Naruse Kenji, Kim Hong Rye, Shin Young Min, Chang Suk Min, Lee Hye Ran, Park Chang Sik, Jin Dong Il
Division of Animal Science and Resources, Research Center for Transgenic Cloned Pigs, Chungnam National University, Daejeon City 338-708, South Korea.
Theriogenology. 2007 Jan 15;67(2):407-12. doi: 10.1016/j.theriogenology.2006.08.009. Epub 2006 Sep 28.
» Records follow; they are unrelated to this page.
(* Consider the system $\frac{dT}{dt}=s+r_TT\left(1-\frac{T+I}{T_{\max}}\right)-dT-\frac{bTV}{T+I}$, $\frac{dI}{dt}=r_II\left(1-\frac{T+I}{T_{\max}}\right)+\frac{bTV}{T+I}-\delta I$, $\frac{dV}{dt}=\rho R^*I-cV-\frac{bTV}{T+I}$, with $\rho$ as bifurcation parameter. There exist parameter values for which $\delta>r_I(1-p_0/T_{\max})$, ${\cal R}_0=1$, zero is a simple eigenvalue of the Jacobian at the DFE with all other eigenvalues having negative real parts, $b_{VW}>0$ and $a>0$; and there exist parameter values for which the same hold but with $a<0$. Thus the system exhibits both backward and forward bifurcations.
   Context: Parameters $s,r_T,T_{\max},d,b,r_I,\delta,\rho,R^*,c$ are positive constants. Let $p_0=\left(r_T-d+\sqrt{(r_T-d)^2+\frac{4sr_T}{T_{\max}}}\right)\frac{T_{\max}}{2r_T}$, $a_{11}=\sqrt{(r_T-d)^2+\frac{4sr_T}{T_{\max}}}$, $a_{12}=\frac{p_0r_T}{T_{\max}}$. The disease-free equilibrium (DFE) is $x_0=(T,I,V)=(p_0,0,0)$ (independent of $\rho$); $I,V$ are the infected variables. For $\delta>r_I(1-p_0/T_{\max})$, ${\cal R}_0=\frac{b\rho R^*}{(b+c)\left(\delta-r_I(1-\frac{p_0}{T_{\max}})\right)}$. Ordering variables as $(T,I,V)$ and writing $f=(f_1,f_2,f_3)$ for the right-hand side, let $v=(0,b+c,b)$ and $w=(-a_{12}(b+c)-b\rho R^*,\,a_{11}(b+c),\,a_{11}\rho R^* )$ (left and right null vectors of the Jacobian at the DFE when ${\cal R}_0=1$). Define $a=\frac12\sum_{i,j,k}v_iw_jw_k\frac{\partial^2f_i}{\partial x_j\partial x_k}(x_0)$ and $b_{VW}=\sum_{i,j}v_iw_j\frac{\partial^2f_i}{\partial x_j\partial\rho}(x_0)$ (van den Driessche–Watmough coefficients; $a>0,b_{VW}>0$ indicates a backward bifurcation and $a<0,b_{VW}>0$ a forward bifurcation at ${\cal R}_0=1$). *)

theory Defs
  imports "HOL-Analysis.Derivative" "Jordan_Normal_Form.Char_Poly"
begin

record par =
  p_s :: real
  p_rT :: real
  p_Tmax :: real
  p_d :: real
  p_b :: real
  p_rI :: real
  p_delta :: real
  p_rho :: real
  p_Rstar :: real
  p_c :: real

definition par_pos :: "par \<Rightarrow> bool" where
  "par_pos P \<longleftrightarrow> p_s P > 0 \<and> p_rT P > 0 \<and> p_Tmax P > 0 \<and> p_d P > 0 \<and> p_b P > 0 \<and>
     p_rI P > 0 \<and> p_delta P > 0 \<and> p_rho P > 0 \<and> p_Rstar P > 0 \<and> p_c P > 0"

definition rhs :: "par \<Rightarrow> nat \<Rightarrow> (nat \<Rightarrow> real) \<Rightarrow> real" where
  "rhs P i x = (let T = x 0; I = x 1; V = x 2 in
     if i = 0 then p_s P + p_rT P * T * (1 - (T + I) / p_Tmax P) - p_d P * T
                   - p_b P * T * V / (T + I)
     else if i = 1 then p_rI P * I * (1 - (T + I) / p_Tmax P) + p_b P * T * V / (T + I)
                   - p_delta P * I
     else p_rho P * p_Rstar P * I - p_c P * V - p_b P * T * V / (T + I))"

definition a11 :: "par \<Rightarrow> real" where
  "a11 P = sqrt ((p_rT P - p_d P)^2 + 4 * p_s P * p_rT P / p_Tmax P)"

definition p0 :: "par \<Rightarrow> real" where
  "p0 P = (p_rT P - p_d P + a11 P) * p_Tmax P / (2 * p_rT P)"

definition a12 :: "par \<Rightarrow> real" where
  "a12 P = p0 P * p_rT P / p_Tmax P"

definition R0 :: "par \<Rightarrow> real" where
  "R0 P = p_b P * p_rho P * p_Rstar P /
     ((p_b P + p_c P) * (p_delta P - p_rI P * (1 - p0 P / p_Tmax P)))"

definition dfe :: "par \<Rightarrow> nat \<Rightarrow> real" where
  "dfe P k = (if k = 0 then p0 P else 0)"

definition unitv :: "nat \<Rightarrow> nat \<Rightarrow> real" where
  "unitv j k = (if k = j then 1 else 0)"

definition d1 :: "par \<Rightarrow> nat \<Rightarrow> nat \<Rightarrow> real" where
  "d1 P i j = deriv (\<lambda>t. rhs P i (\<lambda>l. dfe P l + t * unitv j l)) 0"

definition d2 :: "par \<Rightarrow> nat \<Rightarrow> nat \<Rightarrow> nat \<Rightarrow> real" where
  "d2 P i j k = deriv (\<lambda>\<sigma>. deriv (\<lambda>t. rhs P i (\<lambda>l. dfe P l + \<sigma> * unitv k l + t * unitv j l)) 0) 0"

text \<open>Mixed second derivative of f_i w.r.t. x_j and rho at the DFE (the DFE does not depend on rho).\<close>
definition d2rho :: "par \<Rightarrow> nat \<Rightarrow> nat \<Rightarrow> real" where
  "d2rho P i j = deriv (\<lambda>r. deriv (\<lambda>t. rhs (P\<lparr>p_rho := r\<rparr>) i (\<lambda>l. dfe P l + t * unitv j l)) 0) (p_rho P)"

text \<open>Jacobian at the DFE (3x3), as a complex matrix for spectral statements.\<close>
definition jac :: "par \<Rightarrow> complex mat" where
  "jac P = mat 3 3 (\<lambda>(i, j). complex_of_real (d1 P i j))"

definition vvec :: "par \<Rightarrow> nat \<Rightarrow> real" where
  "vvec P i = (if i = 0 then 0 else if i = 1 then p_b P + p_c P else p_b P)"

definition wvec :: "par \<Rightarrow> nat \<Rightarrow> real" where
  "wvec P i = (if i = 0 then - a12 P * (p_b P + p_c P) - p_b P * p_rho P * p_Rstar P
               else if i = 1 then a11 P * (p_b P + p_c P)
               else a11 P * p_rho P * p_Rstar P)"

definition coef_a :: "par \<Rightarrow> real" where
  "coef_a P = 1/2 * (\<Sum>i<3. \<Sum>j<3. \<Sum>k<3. vvec P i * wvec P j * wvec P k * d2 P i j k)"

definition coef_b :: "par \<Rightarrow> real" where
  "coef_b P = (\<Sum>i<3. \<Sum>j<3. vvec P i * wvec P j * d2rho P i j)"

definition spectral_cond :: "par \<Rightarrow> bool" where
  "spectral_cond P \<longleftrightarrow> order 0 (char_poly (jac P)) = 1 \<and>
     (\<forall>z. poly (char_poly (jac P)) z = 0 \<longrightarrow> z \<noteq> 0 \<longrightarrow> Re z < 0)"

definition bif_hyps :: "par \<Rightarrow> bool" where
  "bif_hyps P \<longleftrightarrow> par_pos P \<and> p_delta P > p_rI P * (1 - p0 P / p_Tmax P) \<and> R0 P = 1 \<and>
     spectral_cond P \<and> coef_b P > 0"

end

theory Submission
  imports Defs
begin

(* At the DFE the infected equations do not depend on T to first order, so the Jacobian is
   block upper triangular: its T-eigenvalue is r_T (1 - 2 p0/T_max) - d = -a11 < 0, and the
   infected 2x2 block has negative trace and determinant
   (b + c)(delta - r_I (1 - p0/T_max)) - b rho R*, which vanishes exactly when R0 = 1.
   Hence 0 is a simple eigenvalue and the other two are negative.  Only f_V depends on rho, which
   gives b_VW = b R* w_I > 0.  The second derivatives of f_I and f_V at the DFE come from the
   logistic term of f_I and from the incidence T V/(T + I), whose Hessian there is
   -(e_I e_V^T + e_V e_I^T)/p0; this yields
     a = -(b + c) r_I w_I (w_T + w_I)/T_max - b c w_I w_V/p0.
   In a family with R0 = 1 and w_T + w_I < 0 fixed, the first term grows linearly in r_I,
   so a takes both signs. *)

definition incidence_dir :: "(nat \<Rightarrow> real) \<Rightarrow> (nat \<Rightarrow> real) \<Rightarrow> real" where
  "incidence_dir x u =
     ((u 0 * x 2 + x 0 * u 2) * (x 0 + x 1) - x 0 * x 2 * (u 0 + u 1)) / (x 0 + x 1)\<^sup>2"

definition rhs_dir :: "par \<Rightarrow> nat \<Rightarrow> (nat \<Rightarrow> real) \<Rightarrow> (nat \<Rightarrow> real) \<Rightarrow> real" where
  "rhs_dir P i x u =
     (if i = 0 then p_rT P * u 0 * (1 - (x 0 + x 1) / p_Tmax P) - p_rT P * x 0 * (u 0 + u 1) / p_Tmax P
                    - p_d P * u 0 - p_b P * incidence_dir x u
      else if i = 1 then p_rI P * u 1 * (1 - (x 0 + x 1) / p_Tmax P) - p_rI P * x 1 * (u 0 + u 1) / p_Tmax P
                    + p_b P * incidence_dir x u - p_delta P * u 1
      else p_rho P * p_Rstar P * u 1 - p_c P * u 2 - p_b P * incidence_dir x u)"

definition rhs_hess_dfe :: "par \<Rightarrow> nat \<Rightarrow> (nat \<Rightarrow> real) \<Rightarrow> (nat \<Rightarrow> real) \<Rightarrow> real" where
  "rhs_hess_dfe P i u w =
     (let q = (u 1 * w 2 + u 2 * w 1) / p0 P in
      if i = 0 then - p_rT P * (u 0 * (w 0 + w 1) + w 0 * (u 0 + u 1)) / p_Tmax P + p_b P * q
      else if i = 1 then - p_rI P * (u 1 * (w 0 + w 1) + w 1 * (u 0 + u 1)) / p_Tmax P - p_b P * q
      else p_b P * q)"

definition infected_decay :: "par \<Rightarrow> real" where
  "infected_decay P = p_delta P - p_rI P * (1 - p0 P / p_Tmax P)"

lemma dfe_simps [simp]: "dfe P 0 = p0 P" "dfe P (Suc 0) = 0" "dfe P 2 = 0"
  by (simp_all add: dfe_def)

lemma rhs_has_dir_deriv:
  assumes "x 0 + x 1 \<noteq> 0" "p_Tmax P \<noteq> 0"
  shows "((\<lambda>t. rhs P i (\<lambda>l. x l + t * u l)) has_real_derivative rhs_dir P i x u) (at 0)"
  using assms
  unfolding rhs_def rhs_dir_def incidence_dir_def Let_def
  by (auto intro!: derivative_eq_intros simp: power2_eq_square field_simps)
(* Let $N$ be a positive even integer, $M_t$ a positive integer, and $\theta\in\mathbb R$. Let $\hat{\mathbf G}_t\in\mathbb C^{N\times M_t}$ be a random matrix with i.i.d. circularly symmetric complex Gaussian entries of zero mean and unit variance, and let $\gamma_2^\star=\max_{\mathbf\Phi}\|\hat{\mathbf G}_t^T\mathbf\Phi^T\mathbf a(\theta)\|^2$, the maximum over all $\mathbf\Phi=\mathrm{diag}(e^{j\phi_1},\dots,e^{j\phi_N})$ with $\phi_n\in\mathbb R$. Then $\frac{\pi N(N-1)}{4}+M_tN\le\mathbb E[\gamma_2^\star]\le M_tN^2.$
   Context: $j=\sqrt{-1}$. Fix $\hat d>0$, $\lambda>0$; $\mathbf a(\theta)\in\mathbb C^N$ is the steering vector with $n$-th entry $e^{j\pi(2n-N-1)\hat d\sin\theta/\lambda}$, $n=1,\dots,N$. *)

theory Defs
  imports "HOL-Probability.Probability"
begin

definition steering :: "real \<Rightarrow> real \<Rightarrow> nat \<Rightarrow> real \<Rightarrow> nat \<Rightarrow> complex" where
  "steering dhat lam N \<theta> n =
     cis (pi * (2 * real n - real N - 1) * dhat * sin \<theta> / lam)"

definition std_cgauss_density :: "complex \<Rightarrow> real" where
  "std_cgauss_density z = exp (- (cmod z)\<^sup>2) / pi"

text \<open>||G^T Phi^T a(theta)||^2 for Phi = diag(e^{j phi_1},...,e^{j phi_N});
  G is N x M_t with entries G n k, n = 1..N, k = 1..M_t.\<close>
definition beam_gain :: "(nat \<Rightarrow> nat \<Rightarrow> complex) \<Rightarrow> real \<Rightarrow> real \<Rightarrow> nat \<Rightarrow> nat \<Rightarrow> real
    \<Rightarrow> (nat \<Rightarrow> real) \<Rightarrow> real" where
  "beam_gain G dhat lam N Mt \<theta> \<phi> =
     (\<Sum>k=1..Mt. (cmod (\<Sum>n=1..N. G n k * cis (\<phi> n) * steering dhat lam N \<theta> n))\<^sup>2)"

definition gamma2_star :: "(nat \<Rightarrow> nat \<Rightarrow> complex) \<Rightarrow> real \<Rightarrow> real \<Rightarrow> nat \<Rightarrow> nat \<Rightarrow> real \<Rightarrow> real" where
  "gamma2_star G dhat lam N Mt \<theta> = (SUP \<phi>. beam_gain G dhat lam N Mt \<theta> \<phi>)"

end
theorem lemma4p5:
  fixes r X :: "complex \<times> complex \<Rightarrow> real" and K :: real and p :: "complex \<times> complex"
  assumes r_smooth: "smooth r"
    and r_defining: "\<forall>q. r q = 0 \<longrightarrow> frechet_derivative r (at q) \<noteq> (\<lambda>v. 0)"
    and r_psh_bdry: "\<forall>q. r q = 0 \<longrightarrow> hess_psd r q"
    and X_smooth: "smooth X"
    and p_bdry: "r p = 0"
    and p_weak: "levi r p = 0"
    and rho_psd: "hess_psd (\<lambda>q. r q * (1 + K * r q + X q)) p"
  shows "BP r (\<lambda>q. 1 + X q) p = 0"
proof -
  define P where "P = (\<lambda>q. 1 + X q)"
  define Q where "Q = (\<lambda>q. P q + K * r q)"
  define a b where "a = Dz (cf r) p" and "b = Dw (cf r) p"
  have r2: "twice_differentiable_at r p" and X2: "twice_differentiable_at X p"
    using r_smooth X_smooth by (simp_all add: smooth_imp_twice_differentiable_at)
  then have r1: "r differentiable at p" and P1: "P differentiable at p"
    by (simp_all add: twice_differentiable_at_imp_differentiable P_def)
  have gradient: "(a, b) \<noteq> (0, 0)"
    using r_defining[rule_format, OF p_bdry] frechet_derivative_eq_0_if_Dz_Dw_eq_0[OF r1]
    by (auto simp: a_def b_def)
  have tangent: "cdel r p (b, - a) = 0"
    by (simp add: cdel_def a_def b_def algebra_simps)
  have "cdel Q p (b, - a) = 0"
  proof (rule cdel_factor_eq_0_at_levi_null[OF r2 _ p_bdry r_psh_bdry[rule_format, OF p_bdry]])
    show "twice_differentiable_at Q p" unfolding Q_def P_def
      by (intro twice_differentiable_at_add twice_differentiable_at_mult twice_differentiable_at_const r2 X2)
    show "hess_psd (\<lambda>x. r x * Q x) p" using rho_psd by (simp add: Q_def P_def algebra_simps)
    show "cHess r p (b, - a) (b, - a) = 0" using p_weak by (simp add: levi_def Lvec_def a_def b_def)
  qed (use gradient tangent in \<open>simp_all add: a_def b_def\<close>)
  then have "cdel P p (b, - a) = 0"
    using tangent P1 r1 by (simp add: Q_def cdel_add_scaled)
  then have "Dz (cf P) p * b = Dw (cf P) p * a"
    by (simp add: cdel_def)
  with gradient show ?thesis
    using B_form_eq_0_if_proportional P1
    by (simp add: BP_def P_def[symmetric] Dzbar_cf Dwbar_cf r1 a_def[symmetric] b_def[symmetric])
qed

end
To investigate the effects of water-soluble vitamin supplementation for IVM/IVC of porcine oocytes and evaluate maturation and developmental capacity in vitro, porcine cumulus oocyte complexes (COCs) was matured in NCSU-23-based medium with water-soluble vitamins for 44 h and then cultured in PZM-3 for 7 days following activation. The COCs were allocated into five treatment groups and matured in various concentrations of MEM vitamins (control, 0.05, 0.1, 0.2, 0.4, and 1x). Metaphase II plates of the cumulus-free oocytes were observed following Hoechest 33258 staining. The COCs were allocated into four treatment groups, matured in various concentrations of MEM vitamins (control, 0.05, 0.1, 0.2, and 0.4x) and cultured in PZM-3 following activation. Also, COCS were matured without MEM vitamins and cultured in PZM-3 with various concentrations (control, 0.1, 0.4, 1.0, and 2.0 x) of MEM vitamins. Furthermore, 2 x 2 factorial (IVM/IVC) experiments were performed in IVM medium with or without 0.05 x MEM vitamins and IVC medium with or without 0.4x MEM vitamins to examine the in vitro development of parthenogenetic embryos. Maturation rates of COCs treated with MEM vitamins did not differ significantly among groups. However, compared to the control group, oocytes matured with the addition of 0.05 x MEM vitamins developed to blastocysts at a higher percentage (P<0.05) following activation and culture in PZM-3 without MEM vitamins. Total cell number of blastocysts was significantly higher in the 0.05 x group. Addition of 0.4x MEM vitamins decreased (P<0.05) cleavage and blastocyst developmental rates compared with 0.05 x MEM vitamins-treated group. In contrast, addition of vitamins to PZM-3 medium for in vitro culture of activated porcine oocytes did not affect development. In conclusion, addition of a low concentration of MEM vitamins to IVM medium for porcine oocytes enhanced subsequent development and improved embryo quality.
为研究水溶性维生素补充剂对猪卵母细胞体外成熟/体外培养(IVM/IVC)的影响,并评估其体外成熟和发育能力,将猪卵丘卵母细胞复合体(COCs)在含有水溶性维生素的基于NCSU - 23的培养基中成熟培养44小时,然后在激活后于PZM - 3中培养7天。将COCs分为五个处理组,在不同浓度的MEM维生素(对照、0.05、0.1、0.2、0.4和1倍)中成熟。用Hoechest 33258染色后观察裸卵的中期II板。将COCs分为四个处理组,在不同浓度的MEM维生素(对照、0.05、0.1、0.2和0.4倍)中成熟,并在激活后于PZM - 3中培养。此外,COCs在无MEM维生素的条件下成熟,并在含有不同浓度(对照、0.1、0.4、1.0和2.0倍)MEM维生素的PZM - 3中培养。此外,进行了2×2析因(IVM/IVC)实验,在含或不含0.05倍MEM维生素的IVM培养基以及含或不含0.4倍MEM维生素的IVC培养基中,以研究孤雌胚胎的体外发育。用MEM维生素处理的COCs的成熟率在各组之间无显著差异。然而,与对照组相比,添加0.05倍MEM维生素成熟的卵母细胞在激活并在无MEM维生素的PZM - 3中培养后,发育为囊胚的百分比更高(P<0.05)。0.05倍组的囊胚总细胞数显著更高。与0.05倍MEM维生素处理组相比,添加0.4倍MEM维生素降低了(P<0.05)卵裂率和囊胚发育率。相反,在用于激活猪卵母细胞体外培养的PZM - 3培养基中添加维生素对发育没有影响。总之,在猪卵母细胞的IVM培养基中添加低浓度的MEM维生素可增强后续发育并改善胚胎质量。